It would be nice to have an IDE that surfaced something like the AST. Of course lots do to some extent, but I bet there is room for improvement here. This also seems like a place where Lisp would have an advantage since the syntax is so transparent.

For readers of yesterday's article about whether all the "easy" stuff has already been accomplished, here is an easy-to-read survey of the state of the art in diffing trees:

http://useless-factor.blogspot.com/2008/01/matching-diffing-...

That sounds like a pretty interesting topic to research! And I note that his oldest citation is from 1997, and most are from the last ten years. He also briefly mentions "operational transformation," which I agree seems related and is another area of ongoing research. Both topics seem like they would have lots of practical applications, but right now the general-purpose tooling is weak or doesn't exist. So there is room not just for research but also for folks to implement that research.
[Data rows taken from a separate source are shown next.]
lemma longest_path_second_leaf_neighbours:
  assumes F: "forest V E" and irreducible: "P2_irreducible V E"
    and P: "longest_path V E P" and "3 \<le> length P"
  shows "2 \<le> card {l. leaf V E l \<and> E (P ! 1) l}"
proof -
  let ?N = "neighbors V E (P ! 1)"
  have "3 \<le> card ?N"
    using longest_path_second_degree[OF assms] by (simp add: degree_def)
  moreover have "card ?N - card {P ! 2} \<le> card (?N - {P ! 2})"
    by (rule diff_card_le_card_Diff) simp
  ultimately have "2 \<le> card (?N - {P ! 2})" by simp
  also have "\<dots> \<le> card {l. leaf V E l \<and> E (P ! 1) l}"
  proof (rule card_mono)
    show "finite {l. leaf V E l \<and> E (P ! 1) l}"
      using F by (auto simp: forest_def sgraph_def leaf_def)
    show "?N - {P ! 2} \<subseteq> {l. leaf V E l \<and> E (P ! 1) l}"
      using longest_path_second_neighbour_leaf[OF F P] \<open>3 \<le> length P\<close>
      by (auto simp: neighbors_def)
  qed
  finally show ?thesis .
qed

lemma connected_adjacent_centre:
  assumes G: "sgraph V E" and conn: "connected_graph V E" and c: "c \<in> V"
    and leaves: "\<And>x. E c x \<Longrightarrow> leaf V E x" and u: "u \<in> V"
  shows "u = c \<or> E c u"
proof -
  obtain Q where Q: "is_path V E Q" "hd Q = c" "last Q = u"
    using conn c u unfolding connected_graph_def by blast
  then obtain rest where Q_eq: "Q = c # rest" by (cases Q) (auto simp: is_path_def)
  show ?thesis
  proof (cases rest)
    case Nil
    then show ?thesis using Q(3) Q_eq by simp
  next
    case (Cons q1 rest')
    have e1: "E c q1" using Q(1) unfolding Q_eq Cons is_path_def by (auto dest: spec[of _ 0])
    show ?thesis
    proof (cases rest')
      case Nil
      then show ?thesis using Q(3) Q_eq Cons e1 by simp
    next
      case (Cons q2 rest'')
      have "E q1 q2" and "q2 \<noteq> c"
        using Q(1) unfolding Q_eq \<open>rest = q1 # rest'\<close> Cons is_path_def
        by (auto dest: spec[of _ 1])
      then show ?thesis
        using leaf_neighbour_unique[OF G leaves[OF e1]] sgraph_edgeD(3)[OF G e1] by blast
    qed
  qed
qed

lemma connected_star_if_neighbours_leaves:
  assumes G: "sgraph V E" and conn: "connected_graph V E" and c: "c \<in> V"
    and leaves: "\<And>x. E c x \<Longrightarrow> leaf V E x"
  shows "is_star V E (degree V E c)"
proof -
  note adj = connected_adjacent_centre[OF assms]
  have fin: "finite V" using G by (simp add: sgraph_def)
  have "V = insert c (neighbors V E c)" using adj c by (auto simp: neighbors_def)
  moreover have "c \<notin> neighbors V E c" using G by (simp add: neighbors_def sgraph_def)
  ultimately have "card V = degree V E c + 1"
    using fin by (metis Suc_eq_plus1 card_insert_disjoint degree_def finite_insert)
  moreover have "E x y \<longleftrightarrow> x \<in> V \<and> y \<in> V \<and> x \<noteq> y \<and> (x = c \<or> y = c)" for x y
  proof
    assume e: "E x y"
    have "x = c \<or> y = c"
    proof (rule ccontr)
      assume "\<not> (x = c \<or> y = c)"
      then have "E c x" using adj sgraph_edgeD(1)[OF G e] by blast
      then show False
        using leaf_neighbour_unique[OF G leaves] sgraph_edgeD(3)[OF G] e \<open>\<not> (x = c \<or> y = c)\<close>
        by metis
    qed
    then show "x \<in> V \<and> y \<in> V \<and> x \<noteq> y \<and> (x = c \<or> y = c)" using sgraph_edgeD[OF G e] by blast
  next
    assume "x \<in> V \<and> y \<in> V \<and> x \<noteq> y \<and> (x = c \<or> y = c)"
    then show "E x y" using adj G by (auto dest: sgraph_edgeD(3))
  qed
  ultimately show ?thesis unfolding is_star_def using fin c by blast
qed

lemma is_star_0_imp_is_K1: "is_star V E 0 \<Longrightarrow> is_K1 V E"
  unfolding is_star_def is_K1_def by (metis card_1_singletonE empty_iff insert_iff add_0)

lemma is_star_1_imp_is_P2:
  assumes "is_star V E 1"
  shows "is_P2 V E"
proof -
  obtain c where "card V = 2" "c \<in> V"
    and E: "\<And>x y. E x y \<longleftrightarrow> x \<in> V \<and> y \<in> V \<and> x \<noteq> y \<and> (x = c \<or> y = c)"
    using assms unfolding is_star_def by auto
  then obtain d where "V = {c, d}" "c \<noteq> d"
    unfolding card_2_iff by blast
  then show ?thesis unfolding is_P2_def E by blast
qed

lemma longest_path_length_1_imp_is_K1:
  assumes F: "forest V E" and conn: "connected_graph V E"
    and P: "longest_path V E P" and "length P = 1"
  shows "is_K1 V E"
proof -
  have G: "sgraph V E" using F by (simp add: forest_def)
  have hd_V: "hd P \<in> V" using P by (auto simp: longest_path_def is_path_def)
  have "\<not> E (hd P) y" for y
    using longest_path_hd_neighbour(1)[OF F P] \<open>length P = 1\<close> by auto
  then have "is_star V E 0"
    using connected_star_if_neighbours_leaves[OF G conn hd_V]
    by (simp add: degree_def neighbors_def)
  then show ?thesis by (rule is_star_0_imp_is_K1)
qed

lemma longest_path_length_2_imp_is_P2:
  assumes F: "forest V E" and conn: "connected_graph V E"
    and P: "longest_path V E P" and "length P = 2"
  shows "is_P2 V E"
proof -
  have G: "sgraph V E" using F by (simp add: forest_def)
  have hd_V: "hd P \<in> V" using P by (auto simp: longest_path_def is_path_def)
  have "leaf V E (P ! 1)"
    using longest_path_hd_leaf[OF F longest_path_rev[OF G P]] \<open>length P = 2\<close>
    by (auto simp: hd_rev last_conv_nth simp flip: length_greater_0_conv)
  then have "is_star V E (degree V E (hd P))"
    using connected_star_if_neighbours_leaves[OF G conn hd_V]
      longest_path_hd_neighbour(2)[OF F P] by blast
  moreover have "degree V E (hd P) = 1"
    using longest_path_hd_leaf[OF F P] \<open>length P = 2\<close> by (simp add: leaf_def)
  ultimately show ?thesis using is_star_1_imp_is_P2 by simp
qed

lemma longest_path_length_3_imp_is_star:
  assumes F: "forest V E" and conn: "connected_graph V E" and irreducible: "P2_irreducible V E"
    and P: "longest_path V E P" and "length P = 3"
  shows "\<exists>n\<ge>3. is_star V E n"
proof -
  have G: "sgraph V E" using F by (simp add: forest_def)
  have R: "longest_path V E (rev P)" by (rule longest_path_rev[OF G P])
  have path: "is_path V E P" using P by (simp add: longest_path_def)
  \<comment> \<open>a neighbour of the centre is a leaf unless it is \<open>P ! 2\<close>, or, reading \<open>P\<close> backwards, \<open>P ! 0\<close>\<close>
  have rev: "rev P ! 1 = P ! 1" "rev P ! 2 = P ! 0" and "P ! 0 \<noteq> P ! 2"
    using \<open>length P = 3\<close> path by (auto simp: rev_nth is_path_def nth_eq_iff_index_eq)
  have "leaf V E x" if x: "E (P ! 1) x" for x
  proof (cases "x = P ! 2")
    case False
    then show ?thesis using longest_path_second_neighbour_leaf[OF F P _ x] \<open>length P = 3\<close> by simp
  next
    case True
    then show ?thesis
      using longest_path_second_neighbour_leaf[OF F R, of x] x \<open>length P = 3\<close> rev
        \<open>P ! 0 \<noteq> P ! 2\<close> by simp
  qed
  moreover have "P ! 1 \<in> V" using path \<open>length P = 3\<close> by (auto simp: is_path_def)
  ultimately have "is_star V E (degree V E (P ! 1))"
    using connected_star_if_neighbours_leaves[OF G conn] by blast
  then show ?thesis
    using longest_path_second_degree[OF F irreducible P] \<open>length P = 3\<close> by auto
qed

lemma longest_path_length_ge_4_imp_two_leafy_vertices:
  assumes F: "forest V E" and irreducible: "P2_irreducible V E"
    and P: "longest_path V E P" and "4 \<le> length P"
  shows "\<exists>u\<in>V. \<exists>v\<in>V. u \<noteq> v
    \<and> card {l. leaf V E l \<and> E u l} \<ge> 2 \<and> card {l. leaf V E l \<and> E v l} \<ge> 2"
proof -
  have G: "sgraph V E" using F by (simp add: forest_def)
  have path: "is_path V E P" using P by (simp add: longest_path_def)
  have "rev P ! 1 = P ! (length P - 2)" and "P ! 1 \<noteq> P ! (length P - 2)"
    and "P ! 1 \<in> V" and "P ! (length P - 2) \<in> V"
    using \<open>4 \<le> length P\<close> path
    by (auto simp: rev_nth numeral_2_eq_2 is_path_def nth_eq_iff_index_eq)
  then show ?thesis
    using longest_path_second_leaf_neighbours[OF F irreducible P]
      longest_path_second_leaf_neighbours[OF F irreducible longest_path_rev[OF G P]]
      \<open>4 \<le> length P\<close> by fastforce
qed

theorem lemma1:
  fixes V :: "'a set" and E :: "'a \<Rightarrow> 'a \<Rightarrow> bool"
  assumes "is_tree V E" and "P2_irreducible V E"
  shows "is_K1 V E \<or> is_P2 V E \<or> (\<exists>n\<ge>3. is_star V E n)
    \<or> (\<exists>u\<in>V. \<exists>v\<in>V. u \<noteq> v
         \<and> card {l. leaf V E l \<and> E u l} \<ge> 2 \<and> card {l. leaf V E l \<and> E v l} \<ge> 2)"
proof -
  have F: "forest V E" using assms(1) by (rule tree_imp_forest)
  have G: "sgraph V E" and conn: "connected_graph V E"
    using assms(1) by (auto simp: is_tree_def)
  obtain P where P: "longest_path V E P"
    using longest_path_exists G assms(1) unfolding is_tree_def by blast
  then have "P \<noteq> []" by (simp add: longest_path_def is_path_def)
  then consider "length P = 1" | "length P = 2" | "length P = 3" | "4 \<le> length P"
    by (cases "length P") (auto, linarith)
  then show ?thesis
  proof cases
    case 1
    then show ?thesis using longest_path_length_1_imp_is_K1[OF F conn P] by simp
  next
    case 2
    then show ?thesis using longest_path_length_2_imp_is_P2[OF F conn P] by simp
  next
    case 3
    then show ?thesis using longest_path_length_3_imp_is_star[OF F conn assms(2) P] by simp
  next
    case 4
    then show ?thesis
      using longest_path_length_ge_4_imp_two_leafy_vertices[OF F assms(2) P] by simp
  qed
qed

end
Our ‘plain text’ is unfortunately not up to the task of representing all human written text; I'm thinking specifically of traditional mathematical notation, which is also a tree structure represented in two dimensions, and ancestral to programming notation, in that we first squeezed mathematical notation down to one dimension¹ and then augmented it with notations for control flow.

¹with a few forgotten exceptions like the Klerer-May system.


TeX, runoff, others.


> prefer plain text over most "smart" formats

To be usable and easily read, plain text needs word spacing and line breaking, which is a form of "smart" formatting.

> Why have we settled on programs written in text?

Again, text with newlines, indenting, and fixed width fonts, without which it can't be read. So we're talking 2D text here.


Totally agree! Plaintext is an unnormalized form of program code, and working in it generates all sorts of artificial problems. I've started various pet projects to try to be able to edit the AST naturally, but haven't seen much success yet. The UX is really difficult.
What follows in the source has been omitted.